When you've had substantial buildup of mineral deposits and soap scum, white vinegar and baking soda alone won't cut it. In these cases, you can use a DIY cleaning solution made with equal parts grease-cutting dish soap and vinegar as well as scrubbing pads like Magic Erasers. In severe cases, you may find that ammonia can help break up particularly bad hard water stains. Always wear gloves and properly ventilate your bathroom when working with ammonia.



Alternatively, lubricating liquids such as WD-40 have been reported to work well on water spots. Spray a thin layer of the oil on your shower door and let it sit for 15 minutes so it has time to break down the water stains. Wipe it down well with a microfiber cloth. These oils clean away easily, so you won't see or feel any residue, but any trace of residual oil can help prevent water spots for a short time in the future.


How to Clean Frosted Glass or Acrylic

Frosted glass, etched glass or acrylic can all be damaged by abrasive products, so they must be treated a little differently. That means you should avoid using anything that can damage the surface, which can include:

  • Scrub sponges
  • Scouring pads
  • Steel wool
  • Vinegar
  • Citrus juice
  • Anything advertised as particularly abrasive or heavy duty


Since you can't use acidic cleaners such as vinegar and lemon juice, you'll need to go with more alkaline solutions. D&D Glassworks suggests the following method:

  • Use a glass cleaner like Windex and scrub with paper towels to remove any stuck-on residue. This could actually be enough to complete the job.
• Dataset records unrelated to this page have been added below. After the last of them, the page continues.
lemma proj_along_diag_orth_sums_ne:
  fixes g :: "'k::field vec \<Rightarrow> 'k vec \<Rightarrow> 'k"
  assumes zero_left: "\<And>v. g vzero v = 0" and zero_right: "\<And>w. g w vzero = 0"
    and "g diag (unit_vec 0) \<noteq> 0" "g (unit_vec 0) diag \<noteq> 0"
  shows "subspace_sum 2 (\<lambda>i. orth_in g (axis_and_diag i) (kerf (axis_and_diag i) proj_along_diag))
           \<noteq> orth_in g plane (kerf plane proj_along_diag)" (is "?S_ker \<noteq> _")
    and "subspace_sum 2 (\<lambda>i. orth_in g (axis_and_diag i) (proj_along_diag ` axis_and_diag i))
           \<noteq> orth_in g plane (proj_along_diag ` plane)" (is "?S_im \<noteq> _")
proof -
  have "unit_vec 0 \<in> orth_in g (axis_and_diag 1) (kerf (axis_and_diag 1) proj_along_diag)"
    by (simp add: axis_and_diag_def kerf_axis orth_in_vzero zero_left in_line_self)
  moreover have "vzero \<in> orth_in g (axis_and_diag 2) (kerf (axis_and_diag 2) proj_along_diag)"
    by (simp add: vzero_in_orth_in axis_and_diag_def vzero_in_line zero_right)
  ultimately have "vadd (unit_vec 0) vzero \<in> ?S_ker"
    unfolding subspace_sum_two by blast
  moreover have "unit_vec 0 \<notin> orth_in g plane (kerf plane proj_along_diag)"
    using diag_in_kerf assms(3) by (auto simp: orth_in_def)
  ultimately show "?S_ker \<noteq> orth_in g plane (kerf plane proj_along_diag)"
    by auto
next
  have "vzero \<in> orth_in g (axis_and_diag 1) (proj_along_diag ` axis_and_diag 1)"
    by (simp add: vzero_in_orth_in axis_and_diag_def vzero_in_line zero_right)
  moreover have "diag \<in> orth_in g (axis_and_diag 2) (proj_along_diag ` axis_and_diag 2)"
    by (simp add: axis_and_diag_def image_diag orth_in_vzero zero_left in_line_self)
  ultimately have "vadd vzero diag \<in> ?S_im"
    unfolding subspace_sum_two by blast
  moreover have "diag \<notin> orth_in g plane (proj_along_diag ` plane)"
    using unit_vec_in_image assms(4) unfolding orth_in_def by blast
  ultimately show "?S_im \<noteq> orth_in g plane (proj_along_diag ` plane)"
    by auto
qed

lemma orth_sums_counterexample_of_form:
  fixes g :: "'k::field vec \<Rightarrow> 'k vec \<Rightarrow> 'k"
  assumes "is_inner_product emb plane g"
    and "\<And>v. g vzero v = 0" "\<And>w. g w vzero = 0"
    and "g diag (unit_vec 0) \<noteq> 0" "g (unit_vec 0) diag \<noteq> 0"
  shows "\<exists>(E :: 'k vec set) g f n H.
            is_subspace E \<and> finite_dim E \<and> is_inner_product emb E g \<and> is_endo E f
          \<and> is_direct_sum E n H \<and> (\<forall>i\<in>{1..n}. f ` H i \<subseteq> H i)
          \<and> subspace_sum n (\<lambda>i. orth_in g (H i) (kerf (H i) f)) \<noteq> orth_in g E (kerf E f)
          \<and> subspace_sum n (\<lambda>i. orth_in g (H i) (f ` H i)) \<noteq> orth_in g E (f ` E)"
  using plane_subspace finite_dim_plane assms(1) proj_along_diag_endo direct_sum_axis_and_diag
    axis_and_diag_invariant proj_along_diag_orth_sums_ne[OF assms(2-5)]
  by blast

definition real_dot :: "real vec \<Rightarrow> real vec \<Rightarrow> real" where
  "real_dot u v = u 0 * v 0 + u 1 * v 1"

definition complex_dot :: "complex vec \<Rightarrow> complex vec \<Rightarrow> complex" where
  "complex_dot u v = u 0 * cnj (v 0) + u 1 * cnj (v 1)"

lemma real_dot_inner_product: "is_inner_product complex_of_real plane real_dot"
  unfolding is_inner_product_def
proof (intro conjI ballI allI impI)
  fix v :: "real vec" assume "v \<in> plane" "v \<noteq> vzero"
  then have "real_dot v v > 0"
    using plane_nonzero_coord unfolding real_dot_def by (simp add: sum_squares_gt_zero_iff)
  then show "Im (complex_of_real (real_dot v v)) = 0" "Re (complex_of_real (real_dot v v)) > 0"
    by simp_all
qed (auto simp: real_dot_def vadd_def smul_def algebra_simps)

lemma complex_dot_inner_product: "is_inner_product id plane complex_dot"
  unfolding is_inner_product_def
proof (intro conjI ballI allI impI)
  fix v :: "complex vec" assume "v \<in> plane" "v \<noteq> vzero"
  then have "(Re (v 0))\<^sup>2 + (Im (v 0))\<^sup>2 + ((Re (v 1))\<^sup>2 + (Im (v 1))\<^sup>2) > 0"
    using plane_nonzero_coord
    by (metis add_nonneg_pos add_pos_nonneg complex_neq_0 sum_power2_ge_zero)
  then show "Im (id (complex_dot v v)) = 0" "Re (id (complex_dot v v)) > 0"
    by (auto simp: complex_dot_def complex_mult_cnj)
qed (auto simp: complex_dot_def vadd_def smul_def algebra_simps)

theorem lemma3p4:
  shows "(\<exists>(E :: real vec set) g f n H.
            is_subspace E \<and> finite_dim E \<and> is_inner_product complex_of_real E g \<and> is_endo E f
          \<and> is_direct_sum E n H \<and> (\<forall>i\<in>{1..n}. f ` H i \<subseteq> H i)
          \<and> subspace_sum n (\<lambda>i. orth_in g (H i) (kerf (H i) f)) \<noteq> orth_in g E (kerf E f)
          \<and> subspace_sum n (\<lambda>i. orth_in g (H i) (f ` H i)) \<noteq> orth_in g E (f ` E))
       \<and> (\<exists>(E :: complex vec set) g f n H.
            is_subspace E \<and> finite_dim E \<and> is_inner_product id E g \<and> is_endo E f
          \<and> is_direct_sum E n H \<and> (\<forall>i\<in>{1..n}. f ` H i \<subseteq> H i)
          \<and> subspace_sum n (\<lambda>i. orth_in g (H i) (kerf (H i) f)) \<noteq> orth_in g E (kerf E f)
          \<and> subspace_sum n (\<lambda>i. orth_in g (H i) (f ` H i)) \<noteq> orth_in g E (f ` E))"
  by (intro conjI orth_sums_counterexample_of_form[OF real_dot_inner_product]
      orth_sums_counterexample_of_form[OF complex_dot_inner_product])
     (simp_all add: real_dot_def complex_dot_def diag_def unit_vec_def vadd_def vzero_def)

end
  • For tough stains, try mixing a tablespoon of baking soda with 2 cups of water. You can also add dish soap to the cleaning solution for really bad spots. Spray over stuck-on residue, let it soak for a few minutes and scrub it with paper towels.

  • If you had to use the baking soda solution, spray the surface with glass cleaner and wipe with a paper towel a second time to remove any remaining streaks.

  • Clean the shower door track by lining it with cotton balls soaked in vinegar for 15 minutes. Then, remove the cotton balls and scrub with a toothbrush dipped in baking soda.